– To ja już wszystko rozumiem. Mama miała rację, jak kiedyś wspomniała, że każdy sądzi według siebie.
Jego słowa ją zabolały. Zwłaszcza że… winę ponosiła Małgosia. Dlaczego to zrobiła? Nie miała pojęcia. Sama sobie nie potrafiła odpowiedzieć na to pytanie. Czy powodem była próżność, która jest w każdej kobiecie, czy strach, że Maciek będzie miał pretensje. Teraz wiedziała jedno. Jeśli się pogodzą, to już nigdy, przenigdy go nie oszuka.
* * *
Wszystko zaczęło się dwa tygodnie wcześniej. Od maila, który pomyłkowo wysłała do Maćka. Był to zupełnie niewinny mail. Dowcip. Życzenia z okazji pierwszego maja. Dostała je od Kamili i postanowiła pchnąć dalej. Ale dopisała parę zdań od siebie i myśląc, że śle je do Pawła, wysłała do Maćka.
– Teraz myślę, że to był znak – chlipała Kamili w słuchawkę.
Z drugiej strony usłyszała westchnienie. Kamila też miała na sumieniu grzech. Ciężki. Intryga związana z imieninami wprawdzie jeszcze się nie wydała, ale po opowieści przyjaciółki Kamila poczuła, że to tylko kwestia czasu.

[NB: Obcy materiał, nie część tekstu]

(* Fix $a(x)=|x|^{-\alpha}$ for $x\in\mathbb{Z}_{\neq0}$ and real $\alpha>3/2$, and for $\Delta\in\mathbb{R}$ let $$\tau_{\mathrm{eff}}^{-1}(\alpha,\Delta)=\frac12\sqrt{\frac{A(\alpha)\Delta^2+2B(\alpha)\Delta+C(\alpha)}{\sum_{n\neq0}n^2a(n)^2}},$$ with $A,B,C$ as below. Let $\Delta=\Delta(\alpha)$ satisfy $c^{\alpha}\Delta(\alpha)\to k$ as $\alpha\to\infty$, for constants $c>1$ and $k\in\mathbb{R}$. Then, as $\alpha\to\infty$: (i) if $1<c<2$ and $k\neq0$, then $\tau_{\mathrm{eff}}^{-1}(\alpha,\Delta(\alpha))\big/\bigl(|\Delta(\alpha)|/\sqrt2\bigr)\to1$; (ii) if $c=2$, then $2^{\alpha}\tau_{\mathrm{eff}}^{-1}(\alpha,\Delta(\alpha))\to\sqrt{\bigl((k-3)^2+1\bigr)/2}$, equivalently $\tau_{\mathrm{eff}}^{-1}\sim\sqrt{(\Delta^2-6\cdot2^{-\alpha}\Delta+10\cdot4^{-\alpha})/2}$; (iii) if $c>2$, then $2^{\alpha}\tau_{\mathrm{eff}}^{-1}(\alpha,\Delta(\alpha))\to\sqrt5$. In particular $2^{\alpha}\tau_{\mathrm{eff}}^{-1}(\alpha,\Delta^*(\alpha))\to1/\sqrt2$, where $\Delta^*(\alpha)=-B(\alpha)/A(\alpha)$, while $2^{\alpha}\tau_{\mathrm{eff}}^{-1}(\alpha,e^{2-\alpha})\to\sqrt5$.
   Context: Here, with $a(x)=|x|^{-\alpha}$ and all sums over $u,v\in\mathbb{Z}_{\neq0}$ with $u+v\neq0$: $A=\sum(u+v)^2a(u+v)^2(a(u)-a(v))^2$, $B=\sum(u^2-v^2)a(u)a(v)a(u+v)(a(u)-a(v))$, $C=\sum(u-v)^2a(u)^2a(v)^2$. The quantity $\tau_{\mathrm{eff}}^{-1}$ is the estimated decay rate of the spin current of the XXZ chain with couplings $a(r)$ and $b(r)=\Delta a(r)$. *)

theory Defs
  imports "HOL-Analysis.Analysis"
begin

definition acoup :: "real \<Rightarrow> int \<Rightarrow> real" where
  "acoup \<alpha> x = \<bar>real_of_int x\<bar> powr (- \<alpha>)"

definition idxUV :: "(int \<times> int) set" where
  "idxUV = {(u, v). u \<noteq> 0 \<and> v \<noteq> 0 \<and> u + v \<noteq> 0}"

definition coefA :: "real \<Rightarrow> real" where
  "coefA \<alpha> = (\<Sum>\<^sub>\<infinity>(u, v)\<in>idxUV.
     (real_of_int (u + v))\<^sup>2 * (acoup \<alpha> (u + v))\<^sup>2 * (acoup \<alpha> u - acoup \<alpha> v)\<^sup>2)"

definition coefB :: "real \<Rightarrow> real" where
  "coefB \<alpha> = (\<Sum>\<^sub>\<infinity>(u, v)\<in>idxUV.
     (real_of_int u ^ 2 - real_of_int v ^ 2) * acoup \<alpha> u * acoup \<alpha> v * acoup \<alpha> (u + v)
       * (acoup \<alpha> u - acoup \<alpha> v))"

definition coefC :: "real \<Rightarrow> real" where
  "coefC \<alpha> = (\<Sum>\<^sub>\<infinity>(u, v)\<in>idxUV.
     (real_of_int (u - v))\<^sup>2 * (acoup \<alpha> u)\<^sup>2 * (acoup \<alpha> v)\<^sup>2)"

definition normS :: "real \<Rightarrow> real" where
  "normS \<alpha> = (\<Sum>\<^sub>\<infinity>n\<in>{n::int. n \<noteq> 0}. (real_of_int n)\<^sup>2 * (acoup \<alpha> n)\<^sup>2)"

definition tau_eff_inv :: "real \<Rightarrow> real \<Rightarrow> real" where
  "tau_eff_inv \<alpha> \<Delta> = (1/2) * sqrt ((coefA \<alpha> * \<Delta>\<^sup>2 + 2 * coefB \<alpha> * \<Delta> + coefC \<alpha>) / normS \<alpha>)"

end

theory Submission
  imports Defs "HOL-Real_Asymp.Real_Asymp"
begin

text \<open>
  For |m| \<ge> q > 0 the rescaled coupling q^alpha a(m) = (q/|m|)^alpha tends to 1 if |m| = q
  and to 0 otherwise as alpha \<rightarrow> \<infinity>, and it is at most (q/m)^2 once alpha \<ge> 2.
  Since a is multiplicative, every summand of normS, A, 2^alpha B and 4^alpha C is built from
  such rescaled couplings (with q = 1, 1, 2, 2), and for alpha \<ge> 2 it is bounded by a constant
  times 1/(uv)^2, a summable majorant: by |u| \<le> 2 |v| |u+v| and its symmetric variants each
  |u|, |v|, |u+v| is controlled by the product of the other two. Dominated convergence thus
  gives normS \<rightarrow> 2, A \<rightarrow> 4, 2^alpha B \<rightarrow> -12 and 4^alpha C \<rightarrow> 40, each limit being a finite
  sum over |u|, |v| \<le> 2. As
    2^alpha tau_eff^-1(alpha, Delta)
      = 1/2 sqrt ((A (2^alpha Delta)^2 + 2 (2^alpha B) (2^alpha Delta) + 4^alpha C) / normS),
  2^alpha Delta \<rightarrow> x forces 2^alpha tau_eff^-1 \<rightarrow> sqrt (((x - 3)^2 + 1) / 2), while
  2^alpha Delta \<rightarrow> \<infinity> forces tau_eff^-1 / |Delta| \<rightarrow> sqrt (A / normS) / 2 = 1 / sqrt 2.
  The five claims follow by writing 2^alpha Delta = (2/c)^alpha c^alpha Delta.
\<close>

lemma tendsto_powr_at_top_zero:
  fixes b :: real
  shows "0 < b \<Longrightarrow> b < 1 \<Longrightarrow> ((\<lambda>\<alpha>. b powr \<alpha>) \<longlongrightarrow> 0) at_top"
  by real_asymp

lemma filterlim_powr_at_top:
  fixes b :: real
  shows "1 < b \<Longrightarrow> filterlim (\<lambda>\<alpha>. b powr \<alpha>) at_top at_top"
  by real_asymp

lemma four_powr: "(4::real) powr \<alpha> = (2 powr \<alpha>)\<^sup>2"
  by (simp add: power2_eq_square flip: powr_mult)

lemma abs_diff_le_two_mult:
  fixes x y :: real
  assumes "1 \<le> \<bar>x\<bar>" "1 \<le> \<bar>y\<bar>"
  shows "\<bar>x - y\<bar> \<le> 2 * \<bar>x * y\<bar>"
proof -
  have "0 \<le> (\<bar>x\<bar> - 1) * (\<bar>y\<bar> - 1)" using assms by simp
  moreover have "1 \<le> \<bar>x\<bar> * \<bar>y\<bar>"
    using mult_mono[OF assms] by simp
  ultimately show ?thesis
    using abs_triangle_ineq4[of x y] by (simp add: abs_mult algebra_simps)
qed

lemma reciprocal_triangle:
  fixes x y :: real
  assumes "1 \<le> \<bar>x\<bar>" "1 \<le> \<bar>y\<bar>" "1 \<le> \<bar>x + y\<bar>"
  shows "1 / \<bar>x\<bar> * (1 / \<bar>x + y\<bar>) \<le> 2 * (1 / \<bar>y\<bar>)"
    and "1 / \<bar>y\<bar> * (1 / \<bar>x + y\<bar>) \<le> 2 * (1 / \<bar>x\<bar>)"
    and "\<bar>x - y\<bar> * (1 / \<bar>x\<bar>) * (1 / \<bar>y\<bar>) \<le> 2"
proof -
  have "\<bar>y\<bar> \<le> 2 * \<bar>(x + y) * x\<bar>"
    using abs_diff_le_two_mult[of "x + y" x] assms by simp
  with assms show "1 / \<bar>x\<bar> * (1 / \<bar>x + y\<bar>) \<le> 2 * (1 / \<bar>y\<bar>)"
    by (simp add: divide_simps abs_mult mult_ac)
  have "\<bar>x\<bar> \<le> 2 * \<bar>(x + y) * y\<bar>"
    using abs_diff_le_two_mult[of "x + y" y] assms by simp
  with assms show "1 / \<bar>y\<bar> * (1 / \<bar>x + y\<bar>) \<le> 2 * (1 / \<bar>x\<bar>)"
    by (simp add: divide_simps abs_mult mult_ac)
  from assms show "\<bar>x - y\<bar> * (1 / \<bar>x\<bar>) * (1 / \<bar>y\<bar>) \<le> 2"
    using abs_diff_le_two_mult[of x y] by (simp add: divide_simps abs_mult mult_ac)
qed

lemma abs_le_abs_mult:
  fixes x y :: int
  shows "y \<noteq> 0 \<Longrightarrow> \<bar>x\<bar> \<le> \<bar>y * x\<bar>"
  using mult_right_mono[of 1 "\<bar>y\<bar>" "\<bar>x\<bar>"] by (simp add: abs_mult)

lemma abs_of_int_neq_two: "3 \<le> \<bar>k\<bar> \<Longrightarrow> \<bar>real_of_int k\<bar> \<noteq> 2"
  by (simp flip: of_int_abs)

– Przyjść do ciebie? – spytała.
– Lepiej ja do ciebie przyjdę – odparła Małgosia. Wolała nie przyjmować gości i nie narażać się matce, która co rusz miała do niej o coś pretensje. Dobrze, że wtedy, gdy Maciek wyszedł, nie było jej w domu.
– To wpadaj. Babcia zrobiła przekładaniec.
* * *
– Co zamierzasz? – spytała Kamila.
Siedziały w jej pokoju przy biurku. Na kolanach Kamili drzemał Płatek.

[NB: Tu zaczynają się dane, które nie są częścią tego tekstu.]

lemma majority_if_all_but_one_voter:
  assumes "i \<in> {1..n}" "\<forall>j\<in>{1..n}. j \<noteq> i \<longrightarrow> R (g j)" "R (g i) \<or> (\<exists>y\<in>set alpha. R y)"
  shows "n \<le> card {j\<in>{1..n}. R (g j)} + length (filter R alpha)"
proof (cases "R (g i)")
  case True
  then have "{j\<in>{1..n}. R (g j)} = {1..n}"
    using assms(2) by auto
  then show ?thesis
    by simp
next
  case False
  then have "{j\<in>{1..n}. R (g j)} = {1..n} - {i}"
    using assms(2) by auto
  then have "card {j\<in>{1..n}. R (g j)} = n - 1"
    using assms(1) by simp
  moreover have "length (filter R alpha) \<noteq> 0"
    using False assms(3) by (auto simp: filter_empty_conv)
  ultimately show ?thesis
    by linarith
qed

lemma mvs_le_if_majority:
  assumes "0 < n" "length alpha = n - 1"
    and "n \<le> card {j\<in>{1..n}. top_of X (P j) \<le> v} + length (filter (\<lambda>y. y \<le> v) alpha)"
  shows "mvs X n alpha P \<le> v"
proof -
  let ?L = "map (\<lambda>j. top_of X (P j)) [1..<n+1] @ alpha"
  have "length (filter (\<lambda>y. y \<le> v) ?L)
      = card {j\<in>{1..n}. (\<lambda>y. y \<le> v) (top_of X (P j))} + length (filter (\<lambda>y. y \<le> v) alpha)"
    by (rule length_filter_ballots)
  moreover have "length ?L = n + (n - 1)"
    using assms(2) by simp
  ultimately show ?thesis
    unfolding mvs_def using assms(1,3) by (intro med_le_if_majority_le) simp
qed

lemma mvs_ge_if_majority:
  assumes "0 < n" "length alpha = n - 1"
    and "n \<le> card {j\<in>{1..n}. v \<le> top_of X (P j)} + length (filter (\<lambda>y. v \<le> y) alpha)"
  shows "v \<le> mvs X n alpha P"
proof -
  let ?L = "map (\<lambda>j. top_of X (P j)) [1..<n+1] @ alpha"
  have "length (filter (\<lambda>y. v \<le> y) ?L)
      = card {j\<in>{1..n}. (\<lambda>y. v \<le> y) (top_of X (P j))} + length (filter (\<lambda>y. v \<le> y) alpha)"
    by (rule length_filter_ballots)
  moreover have "length ?L = n + (n - 1)"
    using assms(2) by simp
  ultimately show ?thesis
    unfolding mvs_def using assms(1,3) by (intro med_ge_if_majority_ge) simp
qed

lemma sorted_nth_first_le: "sorted xs \<Longrightarrow> y \<in> set xs \<Longrightarrow> xs ! 0 \<le> y"
  by (auto simp: in_set_conv_nth sorted_nth_mono)

lemma sorted_le_nth_last: "sorted xs \<Longrightarrow> y \<in> set xs \<Longrightarrow> y \<le> xs ! (length xs - 1)"
  by (auto simp: in_set_conv_nth sorted_nth_mono)

lemma mvs_between:
  assumes "0 < n" "length alpha = n - 1" "sorted alpha" "i \<in> {1..n}"
  shows "min (top_of X (P i)) (alpha ! 0) \<le> mvs X n alpha P"
    and "mvs X n alpha P \<le> max (top_of X (P i)) (alpha ! (n - 2))"
proof -
  have "n - 2 = length alpha - 1"
    using assms(2) by simp
  then show "mvs X n alpha P \<le> max (top_of X (P i)) (alpha ! (n - 2))"
    using assms sorted_le_nth_last[OF assms(3)]
    by (intro mvs_le_if_majority majority_if_voter_and_all_ballots) (auto simp: le_max_iff_disj)
  show "min (top_of X (P i)) (alpha ! 0) \<le> mvs X n alpha P"
    using assms sorted_nth_first_le[OF assms(3)]
    by (intro mvs_ge_if_majority majority_if_voter_and_all_ballots) (auto simp: min_le_iff_disj)
qed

– Nie wiem – odparła Małgosia i odsunęła od siebie talerzyk z ciastem. Nie mogła jeść. Wprawdzie przekładaniec babci Kamili był słynny na całą okolicę, ale dziś Małgosi się wydawało, że wszystko, co bierze do ust, ma smak goryczy.
– A co było w tym mailu?
– Nic takiego. Do tego tekstu od ciebie dorzuciłam tylko takie luźne info o tobie, że twój chłopak dostał skuter, że byliśmy w Wieliczce. No i że często o nim myślę.
– To ja się nie dziwię, że Maciek się wściekł.
– Eeee… – Małgosia wzruszyła ramionami. – Ale on się nie wściekł – powiedziała i zaraz dodała wyjaśniająco: – To znaczy, wtedy się nie wściekł. Bo tam nie było informacji, z której można by wnioskować, że to jest pisane do chłopaka. Więc powiedziałam mu, że to do koleżanki. Zresztą… on znał ten mail. To znaczy te życzenia.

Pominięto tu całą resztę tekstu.